- _Stored data_
lemma cyl_snoc_subset:
  assumes "set c \<subseteq> {..<s}" "i < s"
  shows "cyl_left q c \<le> cyl_left q (c @ [i])"
    and "cyl_left q (c @ [i]) + cyl_len q (c @ [i]) \<le> cyl_left q c + cyl_len q c"
proof -
  have L: "0 < cyl_len q c" using cyl_len_pos assms by auto
  show "cyl_left q c \<le> cyl_left q (c @ [i])"
    using L qbeta_nonneg[of i] assms(2) by (simp add: cyl_left_snoc)
  have "qbeta q (Suc i) (length c) \<le> 1" using qbeta_mono[of "Suc i" s] qbeta_s assms by auto
  then have "(qbeta q i (length c) + q i (length c)) * cyl_len q c \<le> cyl_len q c"
    using L by (simp add: qbeta_Suc)
  then show "cyl_left q (c @ [i]) + cyl_len q (c @ [i]) \<le> cyl_left q c + cyl_len q c"
    by (simp add: cyl_left_snoc cyl_len_snoc algebra_simps)
qed

definition cyl_endpoints :: "real set" where
  "cyl_endpoints = {cyl_left q c | c. set c \<subseteq> {..<s}} \<union>
     {cyl_left q c + cyl_len q c | c. set c \<subseteq> {..<s}}"

lemma countable_cyl_endpoints: "countable cyl_endpoints"
proof -
  have "cyl_endpoints \<subseteq> range (cyl_left q) \<union> range (\<lambda>c. cyl_left q c + cyl_len q c)"
    unfolding cyl_endpoints_def by auto
  then show ?thesis by (rule countable_subset) auto
qed

lemma zero_one_in_cyl_endpoints: "0 \<in> cyl_endpoints" "1 \<in> cyl_endpoints"
  unfolding cyl_endpoints_def by (auto intro!: exI[of _ "[]"] simp: cyl_left_def cyl_len_def)
theorem theorem2:
  fixes M :: "'a measure"
    and F :: "nat \<Rightarrow> 'a measure"
    and T :: nat and \<tau> :: nat
    and \<eta> \<xi> :: real
    and f :: "real^'n \<Rightarrow> real^'n"
    and G :: "real^'n \<Rightarrow> real^'m^'n"
    and A :: "real^'n^'n" and B :: "real^'m^'n"
    and H :: "real^'n^'c" and d :: "real^'c"
    and \<delta>bar \<Delta>bar :: "real^'c"
    and \<mu>w :: "real^'n" and \<Sigma>w :: "real^'n^'n"
    and \<mu> :: "real^'n \<Rightarrow> 'p \<Rightarrow> real^'m"
    and \<theta> :: "nat \<Rightarrow> 'a \<Rightarrow> 'p"
    and x w :: "nat \<Rightarrow> 'a \<Rightarrow> real^'n"
    and u \<epsilon> ustay uback :: "nat \<Rightarrow> 'a \<Rightarrow> real^'m"
    and \<Sigma> :: "nat \<Rightarrow> 'a \<Rightarrow> real^'m^'m"
  defines "e \<equiv> (\<lambda>z v. f z + G z *v v - (A *v z + B *v v))"
    and "xnext \<equiv> (\<lambda>k \<omega>. A *v x k \<omega> + B *v \<mu> (x k \<omega>) (\<theta> k \<omega>) + \<mu>w)"
    and "\<eta>' \<equiv> (\<lambda>k. 1 - (1 - (\<eta> / \<xi> ^ k) powr (1 / real \<tau>)) / real CARD('c))"
    and "condi \<equiv> (\<lambda>k \<omega>. x k \<omega> \<in> Xs H d \<and>
           (\<forall>j. \<forall>\<delta>\<in>{\<delta>bar $ j, - \<delta>bar $ j}.
              norm ((H $ j) v* msqrt \<Sigma>w)
                \<le> (1 / Phi_inv (1 - (1 - (\<eta> / \<xi> ^ k) powr (1 / real \<tau>)) / real CARD('c)))
                   * (d $ j - (H $ j) \<bullet> (A *v x k \<omega> + B *v \<mu> (x k \<omega>) (\<theta> k \<omega>) + \<mu>w) - \<delta>)))"
  assumes prob: "prob_space M"
    \<comment> \<open>information structure: a filtration to which state, policy and covariance are adapted\<close>
    and filt: "\<And>k. sigma_finite_subalgebra M (F k)"
    and filt_mono: "\<And>k. sets (F k) \<subseteq> sets (F (Suc k))"
    and x_meas: "\<And>k. x k \<in> borel_measurable (F k)"
    and pol_meas: "\<And>k. (\<lambda>\<omega>. \<mu> (x k \<omega>) (\<theta> k \<omega>)) \<in> borel_measurable (F k)"
    and \<Sigma>_meas: "\<And>k. \<Sigma> k \<in> borel_measurable (F k)"
    and w_meas: "\<And>k. w k \<in> borel_measurable M"
    and \<epsilon>_meas: "\<And>k. \<epsilon> k \<in> borel_measurable M"
    \<comment> \<open>eta in (0.5,1), xi with eta^(1/T) < xi < 1, tau positive\<close>
    and \<eta>_gt: "1/2 < \<eta>" and \<eta>_lt: "\<eta> < 1"
    and \<xi>_gt: "\<eta> powr (1 / real T) < \<xi>" and \<xi>_lt: "\<xi> < 1"
    and \<tau>_pos: "0 < \<tau>"
    \<comment> \<open>dynamics and initial condition\<close>
    and dyn: "\<And>k \<omega>. k \<le> T \<Longrightarrow> x (Suc k) \<omega> = f (x k \<omega>) + G (x k \<omega>) *v u k \<omega> + w k \<omega>"
    and x0: "\<And>\<omega>. x 0 \<omega> \<in> Xs H d"
    \<comment> \<open>(A2) and (i): conditional joint Gaussianity of exploration and noise given the past\<close>
    and \<Sigma>w_psd: "psd \<Sigma>w"
    and \<Sigma>_psd: "\<And>k \<omega>. psd (\<Sigma> k \<omega>)"
    and gauss: "\<And>k a b t. k \<le> T \<Longrightarrow>
       AE \<omega> in M. cprob M (F k) (\<lambda>\<omega>'. a \<bullet> \<epsilon> k \<omega>' + b \<bullet> w k \<omega>' \<le> t) \<omega>
          = gauss_cdf (b \<bullet> \<mu>w) (a \<bullet> (\<Sigma> k \<omega> *v a) + b \<bullet> (\<Sigma>w *v b)) t"
    \<comment> \<open>(A3)\<close>
    and A3a: "\<And>j z v. \<bar>(H $ j) \<bullet> e z v\<bar> \<le> \<delta>bar $ j"
    and A3b: "\<And>j z v. \<bar>(H $ j) \<bullet> ((\<Sum>i<\<tau>. matpow A i) *v e z v)\<bar> \<le> \<Delta>bar $ j"
    \<comment> \<open>(A4)\<close>
    and A4: "\<And>j. (H $ j) v* B \<noteq> 0"
    \<comment> \<open>(i): choice of the exploration covariance\<close>
    and \<Sigma>_cond: "\<And>k \<omega> j \<delta>. k \<le> T \<Longrightarrow> condi k \<omega> \<Longrightarrow> \<delta> \<in> {\<delta>bar $ j, - \<delta>bar $ j} \<Longrightarrow>
       norm ((H $ j) v* (BI B ** msqrt (blockdiag (\<Sigma> k \<omega>) \<Sigma>w)))
         \<le> (1 / Phi_inv (\<eta>' k)) * (d $ j - (H $ j) \<bullet> xnext k \<omega> - \<delta>)"
    \<comment> \<open>input selection rule (i)/(ii)/(iii)\<close>
    and input_rule: "\<And>k \<omega>. k \<le> T \<Longrightarrow> u k \<omega> =
       (if x k \<omega> \<in> Xs H d
        then (if condi k \<omega> then \<mu> (x k \<omega>) (\<theta> k \<omega>) + \<epsilon> k \<omega> else ustay k \<omega>)
        else uback k \<omega>)"
    \<comment> \<open>conservative input of the first kind\<close>
    and cons_stay: "\<And>k. k \<le> T \<Longrightarrow>
       AE \<omega> in M. (x k \<omega> \<in> Xs H d \<and> \<not> condi k \<omega>) \<longrightarrow>
          (\<eta> / \<xi> ^ k) powr (1 / real \<tau>) \<le> cprob M (F k) (\<lambda>\<omega>'. x (Suc k) \<omega>' \<in> Xs H d) \<omega>"
    \<comment> \<open>conservative inputs of the second kind\<close>
    and cons_back: "\<And>k. 1 \<le> k \<Longrightarrow> k \<le> T \<Longrightarrow>
       AE \<omega> in M. x k \<omega> \<notin> Xs H d \<longrightarrow>
          (\<exists>j\<in>{1..\<tau>}. \<xi> \<le> cprob M (F k) (\<lambda>\<omega>'. x (k + j) \<omega>' \<in> Xs H d) \<omega>)"
  shows "\<forall>k\<in>{1..T}. \<eta> \<le> measure M {\<omega> \<in> space M. x k \<omega> \<in> Xs H d}"
proof -
  interpret prob_space M by (rule prob)
  have space_F: "space (F k) = space M" and sets_F: "sets (F k) \<subseteq> sets M" for k
    using filt[of k] by (auto simp: sigma_finite_subalgebra_def subalgebra_def)
  define S where "S k = {\<omega> \<in> space M. x k \<omega> \<in> Xs H d}" for k
  define q where "q = \<eta> powr (1 / real \<tau>)"
  have q: "0 \<le> q" "q \<le> 1" "q ^ \<tau> = \<eta>"
    using \<eta>_gt \<eta>_lt \<tau>_pos by (auto simp: q_def powr_le1 powr_realpow[symmetric] powr_powr)
  have S_F: "S k \<in> sets (F k)" for k
  proof -
    have "{\<omega> \<in> space (F k). x k \<omega> \<in> Xs H d} \<in> sets (F k)" using x_meas by measurable
    then show ?thesis by (simp add: S_def space_F)
  qed
  have step: "q * measure M C \<le> measure M (C \<inter> S (Suc k))"
    if "k \<le> T" "C \<in> sets (F k)" "C \<subseteq> S k" for k C
  proof -
    define q\<^sub>k where "q\<^sub>k = (\<eta> / \<xi> ^ k) powr (1 / real \<tau>)"
    note level = stage_level_bounds[OF \<eta>_gt \<eta>_lt \<xi>_gt \<xi>_lt \<tau>_pos \<open>k \<le> T\<close>, folded q_def q\<^sub>k_def]
    have \<eta>'k: "1/2 < \<eta>' k" "\<eta>' k < 1" "1 - CARD('c) * (1 - \<eta>' k) = q\<^sub>k"
      using union_bound_level[OF level(3,2), of "CARD('c)"] by (simp_all add: \<eta>'_def q\<^sub>k_def)
    define E where "E = C \<inter> {\<omega> \<in> space M. condi k \<omega>}"
    have "{\<omega> \<in> space (F k). condi k \<omega>} \<in> sets (F k)"
      unfolding condi_def using x_meas pol_meas by measurable
    then have E_F: "E \<in> sets (F k)" and E_C_F: "C - E \<in> sets (F k)"
      using \<open>C \<in> sets (F k)\<close> by (auto simp: E_def space_F Diff_Int)
    have x_Suc: "x (Suc k) \<in> borel_measurable M"
      using measurable_from_subalg[OF _ x_meas] filt by (auto simp: sigma_finite_subalgebra_def)
    have explore: "q\<^sub>k * measure M E \<le> measure M (E \<inter> S (Suc k))"
      unfolding S_def \<eta>'k(3)[symmetric]
    proof (rule gaussian_exploration_step[OF prob filt E_F x_meas pol_meas \<epsilon>_meas w_meas x_Suc
          gauss[OF \<open>k \<le> T\<close>] \<Sigma>_psd \<Sigma>w_psd \<eta>'k(1,2) _ A3a[unfolded e_def]])
      fix \<omega> j assume "\<omega> \<in> E"
      then have "condi k \<omega>" "x k \<omega> \<in> Xs H d" by (auto simp: E_def condi_def)
      then show "norm (H $ j v* (BI B ** msqrt (blockdiag (\<Sigma> k \<omega>) \<Sigma>w))) \<le> (1 / Phi_inv (\<eta>' k))
          * (d $ j - H $ j \<bullet> (A *v x k \<omega> + B *v \<mu> (x k \<omega>) (\<theta> k \<omega>) + \<mu>w) - \<delta>bar $ j)"
        using \<Sigma>_cond[OF \<open>k \<le> T\<close>, of \<omega> "\<delta>bar $ j" j] by (simp add: xnext_def)
      show "x (Suc k) \<omega> = f (x k \<omega>) + G (x k \<omega>) *v (\<mu> (x k \<omega>) (\<theta> k \<omega>) + \<epsilon> k \<omega>) + w k \<omega>"
        using dyn[OF \<open>k \<le> T\<close>] input_rule[OF \<open>k \<le> T\<close>] \<open>condi k \<omega>\<close> \<open>x k \<omega> \<in> Xs H d\<close> by simp
    qed
    have stay: "q\<^sub>k * measure M (C - E) \<le> measure M ((C - E) \<inter> S (Suc k))"
      unfolding S_def
    proof (rule measure_Int_ge_of_cprob_ge[OF prob filt E_C_F])
      show "{\<omega> \<in> space M. x (Suc k) \<omega> \<in> Xs H d} \<in> sets M" using x_Suc by measurable
      show "AE \<omega> in M. \<omega> \<in> C - E \<longrightarrow> q\<^sub>k \<le> cprob M (F k) (\<lambda>\<omega>'. x (Suc k) \<omega>' \<in> Xs H d) \<omega>"
        using cons_stay[OF \<open>k \<le> T\<close>]
      proof eventually_elim
        case (elim \<omega>)
        then show ?case using \<open>C \<subseteq> S k\<close> by (auto simp: E_def S_def q\<^sub>k_def)
      qed
    qed
    have "E \<in> sets M" "C - E \<in> sets M" "E \<subseteq> C" "S (Suc k) \<in> sets M"
      using E_F E_C_F S_F sets_F by (auto simp: E_def)
    then have "q\<^sub>k * measure M C \<le> measure M (C \<inter> S (Suc k))"
      using explore stay by (rule measure_Int_ge_of_partition)
    moreover have "q * measure M C \<le> q\<^sub>k * measure M C"
      using level(1) by (intro mult_right_mono) auto
    ultimately show ?thesis by linarith
  qed
  interpret safety_process M F S T q
    unfolding safety_process_def safety_process_axioms_def
    using prob filt filt_mono S_F q(1) step by blast
  have cprob_S: "cprob M (F k) (\<lambda>\<omega>. \<omega> \<in> S i) = cprob M (F k) (\<lambda>\<omega>. x i \<omega> \<in> Xs H d)" for k i
    by (simp add: cprob_def S_def conj_commute)
  have "\<eta> \<le> measure M (S K)" if "K \<in> {1..T}" for K
    unfolding q(3)[symmetric]
  proof (rule measure_safe_ge)
    show "S 0 = space M" using x0 by (auto simp: S_def)
    show "q \<le> \<xi>" if "\<tau> < T"
      using root_le_if_horizon_root_less \<eta>_gt \<eta>_lt \<xi>_gt \<tau>_pos that by (simp add: q_def)
    show "AE \<omega> in M. \<omega> \<notin> S k \<longrightarrow> (\<exists>j\<in>{1..\<tau>}. \<xi> \<le> cprob M (F k) (\<lambda>\<omega>. \<omega> \<in> S (k + j)) \<omega>)"
      if "1 \<le> k" "k \<le> T" for k
      unfolding cprob_S using cons_back[OF that] AE_space by eventually_elim (auto simp: S_def)
  qed (use q that in auto)
  then show ?thesis by (simp add: S_def)
qed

- _EXERCISE DESCRIPTION_
The lines above from the one containing "x_Suc by measurable" through the one containing "using level(1) by" are to be set down exactly, and no others.

- _TASK ANSWER_
      show "{\<omega> \<in> space M. x (Suc k) \<omega> \<in> Xs H d} \<in> sets M" using x_Suc by measurable
      show "AE \<omega> in M. \<omega> \<in> C - E \<longrightarrow> q\<^sub>k \<le> cprob M (F k) (\<lambda>\<omega>'. x (Suc k) \<omega>' \<in> Xs H d) \<omega>"
        using cons_stay[OF \<open>k \<le> T\<close>]
      proof eventually_elim
        case (elim \<omega>)
        then show ?case using \<open>C \<subseteq> S k\<close> by (auto simp: E_def S_def q\<^sub>k_def)
      qed
    qed
    have "E \<in> sets M" "C - E \<in> sets M" "E \<subseteq> C" "S (Suc k) \<in> sets M"
      using E_F E_C_F S_F sets_F by (auto simp: E_def)
    then have "q\<^sub>k * measure M C \<le> measure M (C \<inter> S (Suc k))"
      using explore stay by (rule measure_Int_ge_of_partition)
    moreover have "q * measure M C \<le> q\<^sub>k * measure M C"
      using level(1) by (intro mult_right_mono) auto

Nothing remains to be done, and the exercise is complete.